I wrote up this problem report, and then after some more tinkering around, discovered I could avoid the problem by turning off calibration, adding
"-cal no -si 1"
to my vtl command line.
I thought I'd report the problem, in case anyone knows more about the problem, or in case anyone else is seeing a similar problem and wishing they had a workaround.
VTUNE 1.1 reports different CPU utilization than sar(8)

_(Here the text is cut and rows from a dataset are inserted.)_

(* Let $h,u,q$ be positive integers with $h\equiv 2$ or $4\pmod 6$, $u\equiv 0\pmod 3$, $u\ge 6$, and $q$ not divisible by $3$. Suppose there exists a $(u+1)$-GDD of type $q^{u+1}$. Call a positive integer $d$ admissible if $d\equiv h\pmod 3$ and $d\le h(u-1)/2$, and suppose that for every admissible $d$ there exists a 4-GDD of type $h^u d^1$; let $d_{\min}$ be the smallest admissible $d$. Then there exists a 4-GDD of type $(hq)^u m^1$ for every integer $m\equiv hq\pmod 3$ with $q\,d_{\min}\le m\le qh(u-1)/2$.
   Context: For a set $K$ of positive integers, a $K$-GDD (group divisible design) is a triple $(V,\mathcal G,\mathcal B)$ where $V$ is a finite set, $\mathcal G$ is a partition of $V$ into subsets called groups, $\mathcal B$ is a nonempty collection of subsets of $V$ (blocks) with sizes in $K$, such that every pair of points from distinct groups lies in exactly one block and no pair of points from the same group lies in any block. A $k$-GDD means a $\{k\}$-GDD. The type $g_1^{u_1}\cdots g_r^{u_r}$ means exactly $u_i$ groups of size $g_i$ for each $i$; type $h^u d^1$ means $u$ groups of size $h$ and one group of size $d$. *)

theory Defs
  imports Main "HOL-Library.Multiset"
begin

definition is_GDD :: "nat set \<Rightarrow> 'a set \<Rightarrow> 'a set set \<Rightarrow> 'a set set \<Rightarrow> bool" where
  "is_GDD K V G B \<longleftrightarrow>
     finite V \<and>
     (\<forall>g\<in>G. g \<noteq> {} \<and> g \<subseteq> V) \<and> \<Union>G = V \<and>
     (\<forall>g1\<in>G. \<forall>g2\<in>G. g1 \<noteq> g2 \<longrightarrow> g1 \<inter> g2 = {}) \<and>
     B \<noteq> {} \<and>
     (\<forall>b\<in>B. b \<subseteq> V \<and> card b \<in> K) \<and>
     (\<forall>x\<in>V. \<forall>y\<in>V. x \<noteq> y \<longrightarrow> \<not> (\<exists>g\<in>G. x \<in> g \<and> y \<in> g) \<longrightarrow>
        (\<exists>!b. b \<in> B \<and> x \<in> b \<and> y \<in> b)) \<and>
     (\<forall>b\<in>B. \<forall>g\<in>G. \<forall>x\<in>g. \<forall>y\<in>g. x \<noteq> y \<longrightarrow> \<not> (x \<in> b \<and> y \<in> b))"

definition gdd_type :: "'a set set \<Rightarrow> nat multiset" where
  "gdd_type G = image_mset card (mset_set G)"

definition GDD_exists :: "nat set \<Rightarrow> nat multiset \<Rightarrow> bool" where
  "GDD_exists K T \<longleftrightarrow> (\<exists>(V::nat set) G B. is_GDD K V G B \<and> gdd_type G = T)"

definition type_hu_d :: "nat \<Rightarrow> nat \<Rightarrow> nat \<Rightarrow> nat multiset" where
  "type_hu_d h u d = replicate_mset u h + {#d#}"

definition admissible :: "nat \<Rightarrow> nat \<Rightarrow> nat \<Rightarrow> bool" where
  "admissible h u d \<longleftrightarrow> 0 < d \<and> d mod 3 = h mod 3 \<and> 2 * d \<le> h * (u - 1)"

end

theory Submission
  imports Defs "HOL-Combinatorics.Permutations"
begin

text \<open>Wilson's fundamental construction. Take a \<open>(u+1)\<close>-GDD of type \<open>q\<^sup>u\<^sup>+\<^sup>1\<close> and
  single out one group \<open>g\<^sub>0\<close>. Give every point outside \<open>g\<^sub>0\<close> weight \<open>h\<close> and every point
  \<open>x \<in> g\<^sub>0\<close> an admissible weight \<open>d\<^sub>x\<close>, with the \<open>d\<^sub>x\<close> summing to \<open>m\<close>. A block has
  \<open>u+1\<close> points, one in each group, so its weighted points carry a 4-GDD of type
  \<open>h\<^sup>u d\<^sub>x\<^sup>1\<close> by hypothesis. The union of these 4-GDDs is a 4-GDD on the inflated point set
  whose groups are the inflated groups, of sizes \<open>hq\<close> (\<open>u\<close> times) and \<open>m\<close>.

  The admissible weights form the progression \<open>d\<^sub>m\<^sub>i\<^sub>n, d\<^sub>m\<^sub>i\<^sub>n + 3, \<dots>, h(u-1)/2\<close>: its top
  is \<open>\<equiv> h (mod 3)\<close> because \<open>h\<close> is even and \<open>u \<equiv> 0 (mod 3)\<close>. Hence every \<open>m \<equiv> q d\<^sub>m\<^sub>i\<^sub>n (mod 3)\<close>
  between \<open>q d\<^sub>m\<^sub>i\<^sub>n\<close> and \<open>q h(u-1)/2\<close> is a sum of \<open>q\<close> admissible numbers.\<close>

lemma is_GDD_D:
  assumes "is_GDD K V G B"
  shows "finite V" "\<forall>g\<in>G. g \<noteq> {} \<and> g \<subseteq> V" "\<Union>G = V"
    "\<forall>g1\<in>G. \<forall>g2\<in>G. g1 \<noteq> g2 \<longrightarrow> g1 \<inter> g2 = {}"
    "B \<noteq> {}" "\<forall>b\<in>B. b \<subseteq> V \<and> card b \<in> K"
    "\<forall>x\<in>V. \<forall>y\<in>V. x \<noteq> y \<longrightarrow> \<not> (\<exists>g\<in>G. x \<in> g \<and> y \<in> g) \<longrightarrow>
        (\<exists>!b. b \<in> B \<and> x \<in> b \<and> y \<in> b)"
    "\<forall>b\<in>B. \<forall>g\<in>G. \<forall>x\<in>g. \<forall>y\<in>g. x \<noteq> y \<longrightarrow> \<not> (x \<in> b \<and> y \<in> b)"
  using assms unfolding is_GDD_def by simp_all

lemma is_GDD_I:
  assumes "finite V" "\<forall>g\<in>G. g \<noteq> {} \<and> g \<subseteq> V" "\<Union>G = V"
    "\<forall>g1\<in>G. \<forall>g2\<in>G. g1 \<noteq> g2 \<longrightarrow> g1 \<inter> g2 = {}"
    "B \<noteq> {}" "\<forall>b\<in>B. b \<subseteq> V \<and> card b \<in> K"
    "\<forall>x\<in>V. \<forall>y\<in>V. x \<noteq> y \<longrightarrow> \<not> (\<exists>g\<in>G. x \<in> g \<and> y \<in> g) \<longrightarrow>
        (\<exists>!b. b \<in> B \<and> x \<in> b \<and> y \<in> b)"
    "\<forall>b\<in>B. \<forall>g\<in>G. \<forall>x\<in>g. \<forall>y\<in>g. x \<noteq> y \<longrightarrow> \<not> (x \<in> b \<and> y \<in> b)"
  shows "is_GDD K V G B"
  unfolding is_GDD_def using assms by (intro conjI)

lemma is_GDD_finite_groups: "is_GDD K V G B \<Longrightarrow> finite G"
  using is_GDD_D(1,2) by (metis Pow_iff finite_Pow_iff finite_subset subsetI)

lemma is_GDD_finite_group: "is_GDD K V G B \<Longrightarrow> g \<in> G \<Longrightarrow> finite g"
  using is_GDD_D(1,2) finite_subset by metis

lemma is_GDD_same_group:
  assumes "is_GDD K V G B" "g1 \<in> G" "g2 \<in> G" "v \<in> g1" "v \<in> g2"
  shows "g1 = g2"
  using is_GDD_D(4)[OF assms(1)] assms(2-5) by blast

lemma is_GDD_group_of:
  assumes gdd: "is_GDD K V G B"
  obtains grp where "\<And>v. v \<in> V \<Longrightarrow> grp v \<in> G \<and> v \<in> grp v"
    and "\<And>g v. g \<in> G \<Longrightarrow> v \<in> g \<Longrightarrow> grp v = g"
proof -
  have "\<forall>v\<in>V. \<exists>g\<in>G. v \<in> g" using is_GDD_D(3)[OF gdd] by blast
  then obtain grp where grp: "\<And>v. v \<in> V \<Longrightarrow> grp v \<in> G \<and> v \<in> grp v" by metis
  moreover have "grp v = g" if "g \<in> G" "v \<in> g" for g v
  proof -
    have "v \<in> V" using is_GDD_D(2)[OF gdd] that by blast
    then show ?thesis using grp is_GDD_same_group[OF gdd] that by blast
  qed
  ultimately show ?thesis using that by blast
qed

lemma is_GDD_block_meets_group:
  assumes gdd: "is_GDD K V G B" and b: "b \<in> B" and card_b: "card b = card G" and g: "g \<in> G"
  shows "b \<inter> g \<noteq> {}"
proof -
  obtain grp where grp: "\<And>v. v \<in> V \<Longrightarrow> grp v \<in> G \<and> v \<in> grp v"
    and "\<And>g v. g \<in> G \<Longrightarrow> v \<in> g \<Longrightarrow> grp v = g"
    using is_GDD_group_of[OF gdd] by metis
  have b_V: "b \<subseteq> V" using is_GDD_D(6)[OF gdd] b by blast
  have "inj_on grp b"
  proof (rule inj_onI)
    fix x y assume "x \<in> b" "y \<in> b" "grp x = grp y"
    then show "x = y" using is_GDD_D(8)[OF gdd] b b_V grp by (metis subsetD)
  qed
  moreover have "grp ` b \<subseteq> G" using grp b_V by blast
  ultimately have "grp ` b = G"
    using card_b is_GDD_finite_groups[OF gdd] card_image card_subset_eq by metis
  then obtain x where "x \<in> b" "grp x = g" using g by blast
  then show ?thesis using grp b_V by blast
qed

HW: 4-way Xeon (hyper-threaded 8-way) IBM440
OS: SLES 8, kernel 2.4.19-64GB-SMP
SW: VTune 1.1 for Linux
I've been comparing the scaling of a fabric
I/O-bound application when multiple processes
When I run one copy of the process, I run it
directly under vtl
vtl -d 60 -c sampling
When I run multiple copies of the process, I
start all but one instance from a tight shell
loop and put them in the background, and then
run the last one under vtl, as above.
In either case, I would also run sar 10 7 in the
background while the vtl was executing.
With 1 instance of :
- reports throughput of io/sec
- sar reports: 4% usr, 4% system, 92% idle
- vtune reports 70% of event samples in the
function default_idle in the vmlinux module
With 20 instances of :
- reports throughput of <3X> io/sec
- sar reports: 23% usr, 77% system, 0% idle
- vmtune reports 70% of event samples in the
function default_idle in the vmlinux module.
The vtl command I'm using to view the results is
vtl view aXX::r1 -ha -mn vmlinux
where XX are reported by view show as aXX_
Why would vtune report such a different cpu usage
I never did figure out if the fact that calibration was
being used was the problem, or if the fact that
calibration was being used caused the a time period
mismatched between vtl and sar. At any rate "-cal no"
now produces vtl idle reports similar to sar.